■ WHAT IS NEEDED ■
Look through the records below for the line with "sums to \<open>\<lambda>\<^sub>i\<close>.\<close>". Return that line and each one after it up to and including the line with "q \<longleftrightarrow> real_of_int", exactly.

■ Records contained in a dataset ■
lemma computable_code_sum:
  assumes "computable 2 (\<lambda>ys. f (ys ! 0) (ys ! 1))"
  shows "computable 1 (\<lambda>ys. code_sum f (ys ! 0))"
proof -
  have tl: "computable 1 (\<lambda>ys. code_tl (ys ! 0))" and hd: "computable 1 (\<lambda>ys. code_hd (ys ! 0))"
    unfolding code_tl_def code_hd_def
    by (intro computable_fst_prod_decode computable_snd_prod_decode computable_diff computable_proj
        computable_const; simp)+
  have drop: "computable (Suc (Suc 0)) (\<lambda>ys. (code_tl ^^ (ys ! 0)) (ys ! 1))"
    by (intro computable_funpow[OF tl] computable_proj) auto
  have "computable (Suc (Suc 0))
      (\<lambda>ys. if (code_tl ^^ (ys ! 0)) (ys ! 1) = 0 then 0
        else f (ys ! 0) (code_hd ((code_tl ^^ (ys ! 0)) (ys ! 1))))"
    by (intro computable_if_eq drop computable_const
        computable_compose2[OF assms] computable_compose1[OF hd] computable_proj) auto
  from computable_sum[OF this computable_proj[of 0 "Suc 0"]] show ?thesis
    by (simp add: code_sum_def cong: if_cong)
qed

lemma recursive_nat_iff_computable: "recursive_nat f \<longleftrightarrow> computable 1 (\<lambda>ys. f (ys ! 0))"
  unfolding recursive_nat_def computable_def
  by (metis One_nat_def length_Suc_conv length_0_conv nth_Cons_0)
lemma continuous_on_SUP_compact:
  fixes G :: "'a::metric_space \<Rightarrow> 'b::metric_space \<Rightarrow> real"
  assumes A: "compact A" "A \<noteq> {}" and B: "compact B"
    and G: "continuous_on (A \<times> B) (\<lambda>(a, b). G a b)"
  shows "continuous_on B (\<lambda>b. SUP a\<in>A. G a b)"
  unfolding continuous_on_iff
proof (intro ballI allI impI)
  fix b0 and e :: real assume b0: "b0 \<in> B" and "e > 0"
  then obtain d where "d > 0"
    and d: "\<And>a x y. a \<in> A \<Longrightarrow> x \<in> B \<Longrightarrow> y \<in> B \<Longrightarrow> dist x y < d \<Longrightarrow> \<bar>G a x - G a y\<bar> < e / 2"
    using compact_Times_equicontinuous_slices[OF compact_Times[OF A(1) B] G, of "e / 2"] by auto
  have bdd: "bdd_above ((\<lambda>a. G a b) ` A)" if "b \<in> B" for b
    using compact_continuous_image[OF continuous_on_Times_slice[OF G that] A(1)]
    by (intro bounded_imp_bdd_above compact_imp_bounded)
  have SUP_le: "(SUP a\<in>A. G a x) \<le> (SUP a\<in>A. G a y) + e / 2"
    if "x \<in> B" "y \<in> B" "dist x y < d" for x y
  proof (rule cSUP_least[OF A(2)])
    fix a assume "a \<in> A"
    then have "G a x < G a y + e / 2" using d[of a x y] that unfolding abs_less_iff by linarith
    also have "G a y \<le> (SUP a\<in>A. G a y)" by (rule cSUP_upper[OF \<open>a \<in> A\<close> bdd[OF that(2)]])
    finally show "G a x \<le> (SUP a\<in>A. G a y) + e / 2" by simp
  qed
  show "\<exists>d>0. \<forall>b\<in>B. dist b b0 < d \<longrightarrow> dist (SUP a\<in>A. G a b) (SUP a\<in>A. G a b0) < e"
  proof (intro exI[of _ d] conjI ballI impI)
    fix b assume "b \<in> B" "dist b b0 < d"
    then show "dist (SUP a\<in>A. G a b) (SUP a\<in>A. G a b0) < e"
      using SUP_le[of b b0] SUP_le[of b0 b] b0 \<open>e > 0\<close>
      by (auto simp: dist_real_def dist_commute abs_less_iff)
  qed (rule \<open>d > 0\<close>)
qed

definition usc_on :: "'a::topological_space set \<Rightarrow> ('a \<Rightarrow> real) \<Rightarrow> bool" where
  "usc_on S g \<longleftrightarrow> (\<forall>x\<in>S. \<forall>a. g x < a \<longrightarrow> (\<forall>\<^sub>F y in at x within S. g y < a))"

lemma continuous_on_if_lsc_usc:
  assumes "lsc_on S g" "usc_on S g"
  shows "continuous_on S g"
  unfolding continuous_on_def order_tendsto_iff
  using assms unfolding lsc_on_def usc_on_def by blast

locale sup_family =
  fixes E :: "'v \<Rightarrow> 'f::metric_space \<Rightarrow> 't::metric_space \<Rightarrow> real"
    and Fs :: "'f set" and Th :: "'t set"
  assumes F_compact: "compact Fs" and F_nonempty: "Fs \<noteq> {}" and Th_compact: "compact Th"
    and E_continuous: "\<And>v. continuous_on (Fs \<times> Th) (\<lambda>(f, \<theta>). E v f \<theta>)"
begin
(* Let $\hat q$ be an $n\times n$ and $\hat p$ an $m\times m$ parametric matrix, let $M$ be an $n\times m$ $(\hat q,\hat p)$-Manin matrix over $\mathfrak R$, and let $N$ be an $m\times s$ matrix over $\mathfrak R$ such that every entry $N_{ij}$ commutes with every entry $M_{kl}$. Let $I=(i_1<\dots<i_r)$ be an increasing multi-index with entries in $\{1,\dots,n\}$ and $K=(k_1,\dots,k_r)$ a multi-index with entries in $\{1,\dots,s\}$. If $r\le m$, then $$\mathrm{cdet}_{\hat q}((MN)_{IK})=\sum_J\mathrm{cdet}_{\hat q}(M_{IJ})\,\mathrm{cdet}_{\hat p}(N_{JK}),$$ the sum over all increasing multi-indices $J=(j_1<\dots<j_r)$ with entries in $\{1,\dots,m\}$; if $r>m$, then $\mathrm{cdet}_{\hat q}((MN)_{IK})=0$. In particular, if $m=n=s$, then $\mathrm{cdet}_{\hat q}(MN)=\mathrm{cdet}_{\hat q}(M)\,\mathrm{cdet}_{\hat p}(N)$.
   Context: $\mathfrak R$ is an associative unital algebra over $\mathbb C$. A parametric $n\times n$ matrix is a matrix $\hat q=(q_{ij})$ of nonzero complex numbers with $q_{ij}q_{ji}=1$, $q_{ii}=1$. An $n\times m$ matrix $M$ over $\mathfrak R$ is a $(\hat q,\hat p)$-Manin matrix if $M_{ik}M_{jk}=q_{ji}M_{jk}M_{ik}$ for $i<j$ and all $k$, and $M_{ik}M_{jl}-q_{ji}p_{kl}M_{jl}M_{ik}+p_{kl}M_{il}M_{jk}-q_{ji}M_{jk}M_{il}=0$ for $i<j$, $k<l$. For increasing $I=(i_1<\dots<i_r)$ and $\sigma\in S_r$, $\varepsilon(\hat q,I,\sigma)=\prod_{s<t,\ \sigma(s)>\sigma(t)}(-q_{i_{\sigma(s)}i_{\sigma(t)}})$. For any matrix $X$, increasing $I$ and any multi-index $J=(j_1,\dots,j_r)$, $\mathrm{cdet}_{\hat q}(X_{IJ})=\sum_{\sigma\in S_r}\varepsilon(\hat q,I,\sigma)X_{i_{\sigma(1)},j_1}\cdots X_{i_{\sigma(r)},j_r}$; $\mathrm{cdet}_{\hat q}(X)$ is the case $I=J=(1,\dots,n)$. *)

theory Defs
  imports Complex_Main "HOL-Combinatorics.Permutations"
begin

text \<open>The algebra R is a type 'a of class ring_1 (associative unital ring) together with
  a map c from the complex numbers into the centre of 'a which is a unital ring
  homomorphism (structure of a unital C-algebra; scalar multiplication z*x is c z * x).
  Matrices are functions nat => nat => 'a with indices starting from 1.
  Multi-indices are lists of natural numbers.\<close>

definition central_alg_hom :: "(complex \<Rightarrow> 'a::ring_1) \<Rightarrow> bool" where
  "central_alg_hom c \<longleftrightarrow>
     c 1 = 1 \<and> (\<forall>x y. c (x + y) = c x + c y) \<and> (\<forall>x y. c (x * y) = c x * c y)
     \<and> (\<forall>z a. c z * a = a * c z)"
(* Let $n,m$ be positive integers. For $\lambda=(\lambda_1,\dots,\lambda_n)\in\mathcal{P}^m_n$ define integers $k_{i,j}(\lambda)$, $1\le i\le j\le n$, recursively (in order of decreasing $i$, and for fixed $i$ in order of decreasing $j$) by $$k_{i,j}(\lambda)=\min\left\{m,\left\lceil\frac{\lambda_i-\sum_{\ell=j+1}^n k_{i,\ell}(\lambda)+\sum_{\ell=i+1}^j k_{\ell,j}(\lambda)}{j-i+1}\right\rceil\right\}.$$ Then the map $\bar\varphi_n:\mathcal{P}^m_n\to\mathcal{T}^m_n$ sending $\lambda$ to the tableau $\{k_{i,j}(\lambda):1\le i\le j\le n\}$ is injective.
   Context: $\mathcal{P}^m_n$ is the set of integer partitions $(\lambda_1\ge\cdots\ge\lambda_n\ge0)$ with $\lambda_i\le m(n-i+1)$ for all $i$. $\mathcal{T}^m_n$ is the set of fillings of the staircase Young diagram of shape $(n,n-1,\dots,1)$ by integers in $\{0,1,\dots,m\}$, where the entry $k_{i,j}$ occupies the box in row $i$, column $n-j+1$ ($1\le i\le j\le n$). *)

theory Defs
  imports Complex_Main
begin

text \<open>A partition \<lambda> = (\<lambda>_1,...,\<lambda>_n) is a list of length n; \<lambda>_i is lam ! (i - 1).\<close>

definition partP :: "nat \<Rightarrow> nat \<Rightarrow> nat list set" where
  "partP m n = {lam. length lam = n \<and>
      (\<forall>i j. 1 \<le> i \<longrightarrow> i \<le> j \<longrightarrow> j \<le> n \<longrightarrow> lam ! (j - 1) \<le> lam ! (i - 1)) \<and>
      (\<forall>i. 1 \<le> i \<longrightarrow> i \<le> n \<longrightarrow> lam ! (i - 1) \<le> m * (n - i + 1))}"

definition tabT :: "nat \<Rightarrow> nat \<Rightarrow> (nat \<Rightarrow> nat \<Rightarrow> int) set" where
  "tabT m n = {k. (\<forall>i j. 1 \<le> i \<and> i \<le> j \<and> j \<le> n \<longrightarrow> 0 \<le> k i j \<and> k i j \<le> int m) \<and>
      (\<forall>i j. \<not> (1 \<le> i \<and> i \<le> j \<and> j \<le> n) \<longrightarrow> k i j = 0)}"

function kval :: "nat \<Rightarrow> nat \<Rightarrow> nat list \<Rightarrow> nat \<Rightarrow> nat \<Rightarrow> int" where
  "kval m n lam i j =
     (if 1 \<le> i \<and> i \<le> j \<and> j \<le> n then
        min (int m)
          (\<lceil> real_of_int (int (lam ! (i - 1))
                 - (\<Sum>l\<in>{j+1..n}. kval m n lam i l)
                 + (\<Sum>l\<in>{i+1..j}. kval m n lam l j))
              / real (j - i + 1) \<rceil>)
      else 0)"
  by pat_completeness auto
termination
  by (relation "measures [\<lambda>(m,n,lam,i,j). n + 1 - i, \<lambda>(m,n,lam,i,j). n + 1 - j]") auto

definition phibar :: "nat \<Rightarrow> nat \<Rightarrow> nat list \<Rightarrow> (nat \<Rightarrow> nat \<Rightarrow> int)" where
  "phibar m n lam = (\<lambda>i j. kval m n lam i j)"

end

theory Submission
  imports Defs
begin

text \<open>Every row of the tableau sums to the corresponding part, \<open>\<Sum>\<^sub>j k(i,j) = \<lambda>\<^sub>i\<close>, so \<open>\<lambda>\<close>
  is recovered from its image. This is proved for the rows from the bottom up. For row \<open>i\<close>,
  the budget \<open>T\<^sub>j = \<lambda>\<^sub>i - \<Sum>\<^bsub>l > j\<^esub> k(i,l)\<close> is what remains of \<open>\<lambda>\<^sub>i\<close> once the entries right of
  column \<open>j\<close> are fixed, and \<open>U\<^sub>j\<close> is the budget of row \<open>i + 1\<close>, which is nonnegative because
  that row has nonnegative entries summing to \<open>\<lambda>\<^bsub>i+1\<^esub>\<close>. Moving leftwards, rounding up in the
  recursion preserves \<open>U\<^sub>j \<le> T\<^sub>j \<le> m (j - i + 1)\<close> (\<open>budget_step\<close>). At the diagonal this gives
  \<open>0 \<le> T\<^sub>i \<le> m\<close>, so \<open>k(i,i) = T\<^sub>i\<close> and row \<open>i\<close> sums to \<open>\<lambda>\<^sub>i\<close>.\<close>

declare kval.simps[simp del]

lemma ceiling_divide_le_iff:
  assumes "0 < d"
  shows "\<lceil>real_of_int x / real d\<rceil> \<le> q \<longleftrightarrow> x \<le> int d * q"
proof -
  have "\<lceil>real_of_int x / real d\<rceil> \<le> q \<longleftrightarrow> real_of_int x \<le> real d * real_of_int q"
    using assms by (simp add: ceiling_le_iff pos_divide_le_eq mult.commute)
  also have "\<dots> \<longleftrightarrow> x \<le> int d * q"
    by (metis of_int_le_iff of_int_mult of_int_of_nat_eq)
  finally show ?thesis .
qed

lemma le_mult_ceiling_divide: "0 < d \<Longrightarrow> x \<le> int d * \<lceil>real_of_int x / real d\<rceil>"
  using ceiling_divide_le_iff by blast

lemma ceiling_divide_nonneg: "0 \<le> x \<Longrightarrow> 0 \<le> \<lceil>real_of_int x / real d\<rceil>"
proof -
  assume "0 \<le> x"
  hence "0 \<le> real_of_int x / real d" by simp
  thus ?thesis by linarith
qed

lemma budget_step:
  fixes T U C m q k :: int and d :: nat
  assumes d: "0 < d" and U: "0 \<le> U" "U \<le> T" and T: "T \<le> m * int (d + 1)" and C: "0 \<le> C"
    and q: "q = min m \<lceil>real_of_int (U + C) / real d\<rceil>"
    and k: "k = min m \<lceil>real_of_int (T + (q + C)) / real (d + 1)\<rceil>"
  shows "U - q \<le> T - k \<and> T - k \<le> m * int d"
proof
  have "0 \<le> m * int (d + 1)" using U T by linarith
  hence m: "0 \<le> m" by (simp add: zero_le_mult_iff)
  have "0 \<le> \<lceil>real_of_int (U + C) / real d\<rceil>" using U C by (intro ceiling_divide_nonneg) simp
  hence q0: "0 \<le> q" using q m by simp
  show "U - q \<le> T - k"
  proof (cases "q = m")
    case True
    have "k \<le> m" using k by simp
    thus ?thesis using True U by linarith
  next
    case False
    hence "q = \<lceil>real_of_int (U + C) / real d\<rceil>"
      using q by (simp add: min_def split: if_splits)
    hence "U + C \<le> int d * q" using le_mult_ceiling_divide[OF d, of "U + C"] by simp
    moreover have "T - U \<le> int d * (T - U) + (T - U)" using U by simp
    ultimately have "T + (q + C) \<le> int (d + 1) * (q + (T - U))" by (simp add: algebra_simps)
    hence "\<lceil>real_of_int (T + (q + C)) / real (d + 1)\<rceil> \<le> q + (T - U)"
      by (subst ceiling_divide_le_iff) auto
    thus ?thesis using k by linarith
  qed
  show "T - k \<le> m * int d"
  proof (cases "k = m")
    case True thus ?thesis using T by (simp add: algebra_simps)
  next
    case False
    hence "k = \<lceil>real_of_int (T + (q + C)) / real (d + 1)\<rceil>"
      using k by (simp add: min_def split: if_splits)
    hence "T + (q + C) \<le> int (d + 1) * k"
      using le_mult_ceiling_divide[of "d + 1" "T + (q + C)"] by simp
    hence "int (d + 1) * (T - k) \<le> int d * T" using q0 C by (simp add: algebra_simps)
    also have "\<dots> \<le> int d * (m * int (d + 1))" using T by (simp add: mult_left_mono)
    also have "\<dots> = int (d + 1) * (m * int d)" by (simp add: algebra_simps)
    finally show ?thesis by (rule mult_left_le_imp_le) simp
  qed
qed

context
  fixes m n :: nat and lam :: "nat list"
  assumes lam: "lam \<in> partP m n"
begin

abbreviation k where "k i j \<equiv> kval m n lam i j"
abbreviation part where "part i \<equiv> int (lam ! (i - 1))"

definition budget :: "nat \<Rightarrow> nat \<Rightarrow> int" where
  "budget i j = part i - (\<Sum>l\<in>{j+1..n}. k i l)"

definition valid_row :: "nat \<Rightarrow> bool" where
  "valid_row i \<longleftrightarrow> (\<forall>j. i \<le> j \<and> j \<le> n \<longrightarrow> 0 \<le> k i j \<and> k i j \<le> int m) \<and>
     (\<Sum>l\<in>{i..n}. k i l) = part i"

lemma kval_budget:
  "1 \<le> i \<Longrightarrow> i \<le> j \<Longrightarrow> j \<le> n \<Longrightarrow>
    k i j = min (int m) \<lceil>real_of_int (budget i j + (\<Sum>l\<in>{Suc i..j}. k l j)) / real (j - i + 1)\<rceil>"
  unfolding budget_def by (subst kval.simps) simp

lemma kval_outside: "\<not> (1 \<le> i \<and> i \<le> j \<and> j \<le> n) \<Longrightarrow> k i j = 0"
  by (subst kval.simps) (rule if_not_P)

lemma part_antimono: "1 \<le> i \<Longrightarrow> i \<le> j \<Longrightarrow> j \<le> n \<Longrightarrow> part j \<le> part i"
  using lam unfolding partP_def by auto

lemma part_le: "1 \<le> i \<Longrightarrow> i \<le> n \<Longrightarrow> part i \<le> int m * int (n - i + 1)"
proof -
  assume "1 \<le> i" "i \<le> n"
  hence "lam ! (i - 1) \<le> m * (n - i + 1)" using lam unfolding partP_def by auto
  hence "int (lam ! (i - 1)) \<le> int (m * (n - i + 1))" by (simp only: of_nat_le_iff)
  thus ?thesis by (simp only: of_nat_mult)
qed

lemma budget_last [simp]: "budget i n = part i"
  by (simp add: budget_def)

lemma budget_Suc: "j < n \<Longrightarrow> budget i j = budget i (Suc j) - k i (Suc j)"
  by (simp add: budget_def sum.atLeast_Suc_atMost)

lemma valid_row_budget_nonneg:
  assumes "valid_row i" "i \<le> Suc j" "j \<le> n"
  shows "0 \<le> budget i j"
proof -
  have "part i = (\<Sum>l\<in>{i..n}. k i l)" using assms(1) unfolding valid_row_def by simp
  also have "\<dots> = (\<Sum>l\<in>{i..j}. k i l) + (\<Sum>l\<in>{j+1..n}. k i l)"
    using sum.ub_add_nat[of i j _ "n - j"] assms(2,3) by simp
  finally have "part i = (\<Sum>l\<in>{i..j}. k i l) + (\<Sum>l\<in>{j+1..n}. k i l)" .
  moreover have "0 \<le> (\<Sum>l\<in>{i..j}. k i l)"
    using assms unfolding valid_row_def by (intro sum_nonneg) auto
  ultimately show ?thesis unfolding budget_def by simp
qed

lemma kval_nonneg_below:
  assumes "\<And>l. i < l \<Longrightarrow> l \<le> n \<Longrightarrow> valid_row l" "i < l"
  shows "0 \<le> k l j"
  using assms kval_outside[of l j] unfolding valid_row_def
  by (cases "1 \<le> l \<and> l \<le> j \<and> j \<le> n") auto

lemma budget_invariant:
  assumes i: "1 \<le> i" "i < n" and below: "\<And>l. i < l \<Longrightarrow> l \<le> n \<Longrightarrow> valid_row l"
    and j: "i \<le> j" "j \<le> n"
  shows "budget (Suc i) j \<le> budget i j \<and> budget i j \<le> int m * int (j - i + 1)"
  using j(2,1)
proof (induction j rule: inc_induct)
  case base
  show ?case using part_antimono[of i "Suc i"] part_le[of i] i by simp
next
  case (step j)
  define j' where "j' = Suc j"
  have j': "i < j'" "j' \<le> n" using step unfolding j'_def by auto
  define C where "C = (\<Sum>l\<in>{Suc (Suc i)..j'}. k l j')"
  have "k (Suc i) j' = min (int m) \<lceil>real_of_int (budget (Suc i) j' + C) / real (j' - i)\<rceil>"
    using kval_budget[of "Suc i" j'] i j' unfolding C_def by simp
  moreover have "k i j' = min (int m)
      \<lceil>real_of_int (budget i j' + (k (Suc i) j' + C)) / real (j' - i + 1)\<rceil>"
    using kval_budget[of i j'] i j' unfolding C_def by (simp add: sum.atLeast_Suc_atMost)
  moreover have "0 \<le> budget (Suc i) j'"
    using valid_row_budget_nonneg below i j' by simp
  moreover have "0 \<le> C" unfolding C_def by (intro sum_nonneg kval_nonneg_below[OF below]) auto
  moreover have "budget (Suc i) j' \<le> budget i j'" "budget i j' \<le> int m * int (j' - i + 1)"
    using step.IH step.prems unfolding j'_def by auto
  ultimately have "budget (Suc i) j' - k (Suc i) j' \<le> budget i j' - k i j' \<and>
      budget i j' - k i j' \<le> int m * int (j' - i)"
    using j' by (intro budget_step) auto
  moreover have "j' - i = j - i + 1" using step.prems unfolding j'_def by simp
  ultimately show ?case using budget_Suc[of j] step.hyps unfolding j'_def by simp
qed

lemma valid_row_last:
  assumes "1 \<le> n"
  shows "valid_row n"
proof -
  have "k n n = min (int m) \<lceil>real_of_int (part n)\<rceil>" using kval_budget[of n n] assms by simp
  hence "k n n = part n" using part_le[of n] assms by simp
  thus ?thesis using part_le[of n] assms unfolding valid_row_def by auto
qed

lemma valid_row_above:
  assumes i: "1 \<le> i" "i < n" and below: "\<And>l. i < l \<Longrightarrow> l \<le> n \<Longrightarrow> valid_row l"
  shows "valid_row i"
proof -
  have budget_nonneg: "0 \<le> budget i j" if "i \<le> j" "j \<le> n" for j
  proof -
    have "0 \<le> budget (Suc i) j"
      using valid_row_budget_nonneg[of "Suc i" j] below[of "Suc i"] i that by simp
    thus ?thesis using budget_invariant[OF i below that] by linarith
  qed
  have "0 \<le> k i j \<and> k i j \<le> int m" if "i \<le> j" "j \<le> n" for j
  proof -
    have "0 \<le> (\<Sum>l\<in>{Suc i..j}. k l j)" by (intro sum_nonneg kval_nonneg_below[OF below]) auto
    hence "0 \<le> \<lceil>real_of_int (budget i j + (\<Sum>l\<in>{Suc i..j}. k l j)) / real (j - i + 1)\<rceil>"
      using budget_nonneg[OF that] by (intro ceiling_divide_nonneg) simp
    thus ?thesis using kval_budget[of i j] i that by simp
  qed
  moreover have "budget i i \<le> int m"
    using budget_invariant[OF i below, of i] i by simp
  hence "k i i = budget i i" using kval_budget[of i i] budget_nonneg[of i] i by simp
  hence "(\<Sum>l\<in>{i..n}. k i l) = part i"
    using i by (simp add: sum.atLeast_Suc_atMost budget_def)
  ultimately show ?thesis unfolding valid_row_def by blast
qed

lemma valid_rows: "1 \<le> i \<Longrightarrow> i \<le> n \<Longrightarrow> valid_row i"
proof (induction "n - i" arbitrary: i rule: less_induct)
  case less
  show ?case
  proof (cases "i = n")
    case True
    hence "1 \<le> n" using less.prems(1) by simp
    thus ?thesis unfolding True by (rule valid_row_last)
  next
    case False
    show ?thesis
    proof (rule valid_row_above)
      show "1 \<le> i" "i < n" using False less.prems by auto
      show "valid_row l" if "i < l" "l \<le> n" for l
        using less.hyps[of l] less.prems that by simp
    qed
  qed
qed

lemma kval_bounds: "0 \<le> k i j \<and> k i j \<le> int m"
  using valid_rows[of i] kval_outside[of i j] unfolding valid_row_def
  by (cases "1 \<le> i \<and> i \<le> j \<and> j \<le> n") auto

lemma sum_kval_row: "1 \<le> i \<Longrightarrow> i \<le> n \<Longrightarrow> (\<Sum>l\<in>{i..n}. k i l) = part i"
  using valid_rows unfolding valid_row_def by blast

end

theorem theorem4p2:
  fixes m n :: nat
  assumes "0 < n" and "0 < m"
  shows "phibar m n ` partP m n \<subseteq> tabT m n \<and> inj_on (phibar m n) (partP m n)"
proof
  show "phibar m n ` partP m n \<subseteq> tabT m n"
    using kval_bounds kval_outside unfolding tabT_def phibar_def by blast
  show "inj_on (phibar m n) (partP m n)"
  proof (rule inj_onI)
    fix a b assume a: "a \<in> partP m n" and b: "b \<in> partP m n" and "phibar m n a = phibar m n b"
    hence k_eq: "kval m n a = kval m n b" unfolding phibar_def by simp
    show "a = b"
    proof (rule nth_equalityI)
      show "length a = length b" using a b unfolding partP_def by simp
      fix p assume "p < length a"
      hence "1 \<le> Suc p" "Suc p \<le> n" using a unfolding partP_def by auto
      thus "a ! p = b ! p" using sum_kval_row[OF a] sum_kval_row[OF b] k_eq by fastforce
    qed
  qed
qed

end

■ ANSWER SECTION ■
  \<open>0 \<le> T\<^sub>i \<le> m\<close>, so \<open>k(i,i) = T\<^sub>i\<close> and row \<open>i\<close> sums to \<open>\<lambda>\<^sub>i\<close>.\<close>

declare kval.simps[simp del]

lemma ceiling_divide_le_iff:
  assumes "0 < d"
  shows "\<lceil>real_of_int x / real d\<rceil> \<le> q \<longleftrightarrow> x \<le> int d * q"
proof -
  have "\<lceil>real_of_int x / real d\<rceil> \<le> q \<longleftrightarrow> real_of_int x \<le> real d * real_of_int q"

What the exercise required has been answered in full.